→ **DATA FOR ANALYSIS**:
- - -
lemma lan_extend_nat_trans:
  assumes Q: "presheaf Y Q" and \<theta>: "nat_trans X \<chi> (pb F Q) \<theta>"
  shows "nat_trans Y Lan Q (lan_extend Q \<theta>)"
proof (rule nat_transI)
  fix y S assume "S \<in> PO Lan y"
  then obtain x f v where S: "S = rel y `` {(x, f, v)}" and a: "(x, f, v) \<in> triples y"
    by (rule PO_lanE)
  have f: "f \<in> hom Y y (FO F x)" and v: "\<theta> x v \<in> PO Q (FO F x)"
    using a nat_trans_PO[OF \<theta>] by (auto simp: triples_iff)
  show "lan_extend Q \<theta> y S \<in> PO Q y"
    using presheaf_PA_closed[OF Y Q f v] by (simp add: S lan_extend_class[OF Q \<theta> a])
next
  fix h y' y S assume h: "h \<in> hom Y y' y" and "S \<in> PO Lan y"
  from \<open>S \<in> PO Lan y\<close> obtain x f v where S: "S = rel y `` {(x, f, v)}" and a: "(x, f, v) \<in> triples y"
    by (rule PO_lanE)
  have f: "f \<in> hom Y y (FO F x)" and v: "\<theta> x v \<in> PO Q (FO F x)"
    using a nat_trans_PO[OF \<theta>] by (auto simp: triples_iff)
  have "lan_extend Q \<theta> y' (PA Lan h S) = PA Q (Cmp Y h f) (\<theta> x v)"
    using lan_extend_class[OF Q \<theta> lan_triples_shift[OF h a, unfolded lan_shift_apply]]
    by (simp add: S PA_lan_class[OF h a])
  also have "\<dots> = PA Q h (lan_extend Q \<theta> y S)"
    by (simp add: S lan_extend_class[OF Q \<theta> a] presheaf_PA_Cmp[OF Q h f v])
  finally show "lan_extend Q \<theta> y' (PA Lan h S) = PA Q h (lan_extend Q \<theta> y S)" .
qed

lemma lan_restrict_nat_trans:
  assumes \<theta>': "nat_trans Y Lan Q \<theta>'"
  shows "nat_trans X \<chi> (pb F Q) (lan_restrict \<theta>')"
proof (rule nat_transI)
  fix x v assume "x \<in> Ob X" "v \<in> PO \<chi> x"
  then show "lan_restrict \<theta>' x v \<in> PO (pb F Q) x"
    by (simp add: lan_restrict_def nat_trans_PO[OF \<theta>'] functor_Ob[OF F] lan_unit_PO)
next
  fix g x x' w assume g: "g \<in> hom X x x'" and w: "w \<in> PO \<chi> x'"
  have x: "x \<in> Ob X" "x' \<in> Ob X" using category_hom_Ob[OF X g] by auto
  have "lan_restrict \<theta>' x (PA \<chi> g w) = \<theta>' (FO F x) (PA Lan (FA F g) (lan_unit x' w))"
    using x presheaf_PA_closed[OF X \<chi> g w] by (simp add: lan_restrict_def lan_unit_natural[OF g w])
  also have "\<dots> = PA (pb F Q) g (lan_restrict \<theta>' x' w)"
    using x w by (simp add: lan_restrict_def nat_trans_PA[OF \<theta>' functor_hom[OF F X g]]
        lan_unit_PO)
  finally show "lan_restrict \<theta>' x (PA \<chi> g w) = PA (pb F Q) g (lan_restrict \<theta>' x' w)" .
qed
- - -
→ **INSTRUCTIONS FOR THE TASK**: Please show every line above that includes the word "where".

→ **ANSWER**:
  then obtain x f v where S: "S = rel y `` {(x, f, v)}" and a: "(x, f, v) \<in> triples y"
  from \<open>S \<in> PO Lan y\<close> obtain x f v where S: "S = rel y `` {(x, f, v)}" and a: "(x, f, v) \<in> triples y"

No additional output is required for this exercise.